*** Block opens ***

theorem lemma3p2:
  fixes M :: "'a measure" and X :: "nat \<Rightarrow> 'a \<Rightarrow> nat"
    and p q :: real and K m :: nat
  assumes "prob_space M"
    and "0 < p" and "p < 1" and "q = 1 - p"
    and "\<And>i. i \<ge> 1 \<Longrightarrow> X i \<in> measurable M (count_space UNIV)"
    and "prob_space.indep_vars M (\<lambda>_. count_space UNIV) X {1..}"
    and "\<And>i. i \<ge> 1 \<Longrightarrow> measure M {\<omega> \<in> space M. X i \<omega> = 1} = p"
    and "\<And>i. i \<ge> 1 \<Longrightarrow> measure M {\<omega> \<in> space M. X i \<omega> = 0} = q"
    and "K \<ge> 1" and "m \<ge> 1"
  shows "measure M {\<omega> \<in> space M. longest_switches (\<lambda>i. X i \<omega>) m (2*K) \<ge> K - 1} =
    (if even K
     then (K + 2) * (p*q) ^ (K div 2) - 2 * (p*q) ^ K
     else (K + 1 - 2*K*p*q) * (p*q) ^ ((K - 1) div 2) - (1 - 2*p*q) * (p*q) ^ (K - 1))"
proof -
  interpret prob_space M by (rule assms(1))
  \<comment> \<open>Y is 0/1-valued everywhere and agrees with the shifted X almost surely.\<close>
  define Y where "Y = (\<lambda>j \<omega>. if X (m + j) \<omega> = 1 then 1 else 0 :: nat)"
  interpret bernoulli_sequence M Y p q
    unfolding Y_def by (rule bernoulli_sequence_indicator[OF assms(5-7,4,10)])
  let ?T = "{\<omega> \<in> space M. K - 1 \<le> longest_switches (\<lambda>i. X i \<omega>) m (2*K)}"
  let ?A = "{\<omega> \<in> space M. \<exists>i\<le>K. alternates (\<lambda>j. Y j \<omega>) i K}"
  have T_sets: "?T \<in> events" using assms(5,9,10) by (rule sets_longest_switches_ge)
  have A_sets: "?A \<in> events" unfolding alternates_iff_bounded by measurable
  have "AE \<omega> in M. X (m + j) \<omega> \<le> 1" for j
    using assms(4,5,7,8,10) by (intro AE_le_1) simp_all
  then have "AE \<omega> in M. \<forall>j\<in>{..<2 * K}. X (m + j) \<omega> \<le> 1" by (intro AE_finite_allI) simp_all
  then have "AE \<omega> in M. \<omega> \<in> ?T \<longleftrightarrow> \<omega> \<in> ?A"
  proof (rule eventually_mono)
    fix \<omega> assume bits: "\<forall>j\<in>{..<2 * K}. X (m + j) \<omega> \<le> 1"
    have "alternates (\<lambda>j. X (m + j) \<omega>) i K \<longleftrightarrow> alternates (\<lambda>j. Y j \<omega>) i K" if "i \<le> K" for i
      using bits that by (intro alternates_cong) (auto simp: Y_def le_Suc_eq)
    then show "\<omega> \<in> ?T \<longleftrightarrow> \<omega> \<in> ?A"
      using longest_switches_ge_iff_alternates[OF assms(9)] bits by auto
  qed
  then have "prob ?T = prob ?A" using T_sets A_sets by (rule measure_eq_AE)
  then show ?thesis using prob_exists_alternating_window[OF assms(9)] by simp
qed

end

*** Block closes ***

Using the records above, gather all lines where the string "interpret" is present.

### [Solution to this exercise]
  interpret prob_space M by (rule assms(1))
  interpret bernoulli_sequence M Y p q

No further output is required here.